◆ What to work on ◆
Only one stretch of the data below should be repeated: the lines from the line containing "case (elim x)" through the line containing "fixes r a b e p q S K :: real", inclusive, exactly as they are.

[Records — start]

lemma test_fun_bounded:
  assumes "test_fun \<phi>"
  obtains B where "\<And>x. \<bar>\<phi> x\<bar> \<le> B"
proof -
  obtain R where R: "\<And>x. \<bar>x\<bar> > R \<Longrightarrow> \<phi> x = 0"
    using assms unfolding test_fun_def by auto
  have "\<phi> x \<in> insert 0 (\<phi> ` cball 0 R)" for x
    using R[of x] by (cases "R < \<bar>x\<bar>") (auto simp: dist_real_def)
  moreover have "compact (\<phi> ` cball 0 R)"
    by (rule compact_continuous_image[OF continuous_on_subset[OF test_fun_continuous[OF assms]]]) auto
  ultimately have "bounded (range \<phi>)"
    by (metis bounded_insert bounded_subset compact_imp_bounded image_subsetI)
  then show ?thesis
    using that by (auto simp: bounded_real)
qed

lemma P_cC_integrable:
  assumes "g \<in> P_cC c C m" and "0 \<le> c" and "\<And>x. 0 \<le> m x"
  shows "integrable lebesgue g"
proof -
  have "AE x in lebesgue. 0 \<le> g x"
    using assms unfolding P_cC_def by (auto elim!: eventually_mono intro: order_trans[rotated])
  with assms(1) show ?thesis
    unfolding P_cC_def by (intro integrableI_nonneg) auto
qed

lemma powr_scaled_exp_le:
  fixes a c v y :: real
  assumes "0 < c" and "c * exp (- v) \<le> y" and "0 \<le> a"
  shows "c powr a * exp (- a * v) \<le> y powr a"
proof -
  have "c powr a * exp (- a * v) = (c * exp (- v)) powr a"
    using assms(1) by (simp add: powr_mult exp_powr_real mult.commute)
  also have "\<dots> \<le> y powr a"
    using assms by (intro powr_mono2) auto
  finally show ?thesis .
qed

lemma P_cC_exp_scaled_le:
  assumes "f \<in> P_cC c C (\<lambda>x. exp (- V x))" and "0 < c" and "0 \<le> a"
  shows "AE x in lebesgue. 0 < f x \<and> c powr a * exp (- a * V x) \<le> f x powr a"
proof -
  have "AE x in lebesgue. c * exp (- V x) \<le> f x"
    using assms(1) unfolding P_cC_def by auto
  then show ?thesis
  proof eventually_elim
    case (elim x)
    have "0 < c * exp (- V x)"
      using assms(2) by simp
    with elim show ?case
      using powr_scaled_exp_le[OF assms(2) elim assms(3)] by simp
  qed
qed

lemma quadratic_form_lower_bound:
  fixes r a b e p q S K :: real
  assumes r: "0 < r" and a: "0 \<le> a" and b: "\<bar>b\<bar> \<le> S * a" and e: "\<bar>e\<bar> \<le> K * a"
  shows "2 * (r + 1) * b * p * q + r * (r + 1) * a * q\<^sup>2 + e * p\<^sup>2
    \<ge> - ((r + 1) * S\<^sup>2 / r + K) * a * p\<^sup>2"
proof (cases "a = 0")
  case True
  then show ?thesis
    using b e by simp
next
  case False
  with a have a_pos: "0 < a"
    by simp
  define s where "s = b / a"
  have b_eq: "b = s * a" and s: "\<bar>s\<bar> \<le> S"
    using a_pos b by (auto simp: s_def abs_div divide_le_eq)
  have "s\<^sup>2 \<le> S\<^sup>2"
    using s by (metis abs_ge_zero power2_abs power_mono)
  then have "(r + 1) * s\<^sup>2 / r * a * p\<^sup>2 \<le> (r + 1) * S\<^sup>2 / r * a * p\<^sup>2"
    using r a by (intro mult_right_mono divide_right_mono mult_left_mono) auto
  moreover have "- K * a * p\<^sup>2 \<le> e * p\<^sup>2"
    using e by (intro mult_right_mono) auto
  moreover have "0 \<le> r * (r + 1) * a * (q + s * p / r)\<^sup>2"
    using r a by simp
  moreover have "r * (r + 1) * a * (q + s * p / r)\<^sup>2
      = 2 * (r + 1) * b * p * q + r * (r + 1) * a * q\<^sup>2 + (r + 1) * s\<^sup>2 / r * a * p\<^sup>2"
    using r by (simp add: b_eq power2_eq_square field_simps)
  moreover have "- ((r + 1) * S\<^sup>2 / r + K) * a * p\<^sup>2 = - ((r + 1) * S\<^sup>2 / r * a * p\<^sup>2) + - K * a * p\<^sup>2"
    by (simp add: algebra_simps)
  ultimately show ?thesis
    by linarith
qed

[Records — finish]

◆ Task result ◆
    case (elim x)
    have "0 < c * exp (- V x)"
      using assms(2) by simp
    with elim show ?case
      using powr_scaled_exp_le[OF assms(2) elim assms(3)] by simp
  qed
qed

lemma quadratic_form_lower_bound:
  fixes r a b e p q S K :: real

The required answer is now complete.